Cottingley Fairy Copyright Question —
I have the good fortune of having a site that ranks relatively high in search engines. But this also means that I have the misfortune of easily attracting the attention of anyone out there who might object to something on my site, or who might want to claim that I'm infringing their copyright by my use of some material. So, in the past, I've had
National Geographic threaten me, plus I've had complaints from the
Time Travel Mutual Fund and the
Human-Flavored Tofu Company (see below), among others.
Now the British
Science and Society Picture Library has joined this list. They've sent me a
cease-and-desist letter demanding that I either remove all images of the
Cottingley Fairies from my site, or pay them a licensing fee for their use.
This raises an interesting legal question. The Cottingley Fairy images were taken in 1917 and published (in England) in 1920. They were also published in America. The earliest American publication of them that I'm aware of is the American edition of Arthur Conan Doyle's
The Coming of the Fairies (George H. Doran Co., New York, 1922).
U.S. law states that everything published in America before 1923 is now in the public domain. Therefore, in America the Cottingley fairy images are in the public domain. But the law in the U.K. is that the images remain under copyright for 70 years after the death of the photographer. The two women who took the images died in the 1980s, so the images will remain copyrighted in Britain until around 2050.
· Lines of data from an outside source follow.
(* Let $T$ be a tree with $n\ge 3$ vertices, and let $\delta'$ be the minimum degree of an internal vertex of $T$ (a vertex of degree greater than $1$). Then $$av_1(T)\le 2+\frac{n-\delta'-1}{2}.$$
   Context: For a graph $G=(V,E)$, a set $S\subseteq V$ is a $1$-nearly independent vertex set if the subgraph induced by $S$ has exactly one edge. $\sigma_1(G)$ is the number of such sets, $S_1(G)$ the sum of their sizes, and $av_1(G)=S_1(G)/\sigma_1(G)$. *)

theory Defs
  imports Complex_Main
begin

definition simple_graph :: "'a set \<Rightarrow> 'a set set \<Rightarrow> bool" where
  "simple_graph V E \<longleftrightarrow> finite V \<and> (\<forall>e\<in>E. e \<subseteq> V \<and> card e = 2)"

definition adj :: "'a set set \<Rightarrow> 'a \<Rightarrow> 'a \<Rightarrow> bool" where
  "adj E u v \<longleftrightarrow> {u, v} \<in> E"

definition connected_graph :: "'a set \<Rightarrow> 'a set set \<Rightarrow> bool" where
  "connected_graph V E \<longleftrightarrow> V \<noteq> {} \<and> (\<forall>u\<in>V. \<forall>v\<in>V. (adj E)\<^sup>*\<^sup>* u v)"

definition is_cycle :: "'a set set \<Rightarrow> 'a list \<Rightarrow> bool" where
  "is_cycle E cs \<longleftrightarrow> length cs \<ge> 3 \<and> distinct cs \<and>
     (\<forall>i < length cs - 1. adj E (cs ! i) (cs ! Suc i)) \<and> adj E (last cs) (hd cs)"

definition acyclic_graph :: "'a set \<Rightarrow> 'a set set \<Rightarrow> bool" where
  "acyclic_graph V E \<longleftrightarrow> \<not> (\<exists>cs. set cs \<subseteq> V \<and> is_cycle E cs)"

definition is_tree :: "'a set \<Rightarrow> 'a set set \<Rightarrow> bool" where
  "is_tree V E \<longleftrightarrow> simple_graph V E \<and> connected_graph V E \<and> acyclic_graph V E"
So do the British copyrights have any legal status in America? I'm not sure. The closest parallel I can find is the case of J.M. Barrie's Peter Pan, which is copyrighted in the UK, but is in the public domain in the US. Efforts to enforce the UK copyrights in America have
not been successful. When Project Gutenberg made the text of
Peter Pan freely available on its site, it simply added a disclaimer noting that the text was public domain in the U.S., but not elsewhere.
So for now I'm telling the Science and Society Picture Library that the images are remaining exactly where they are. I've already traded five or six emails with them about this, and they don't seem willing to give up their claim. But I don't think they have a valid case, so I'm not budging.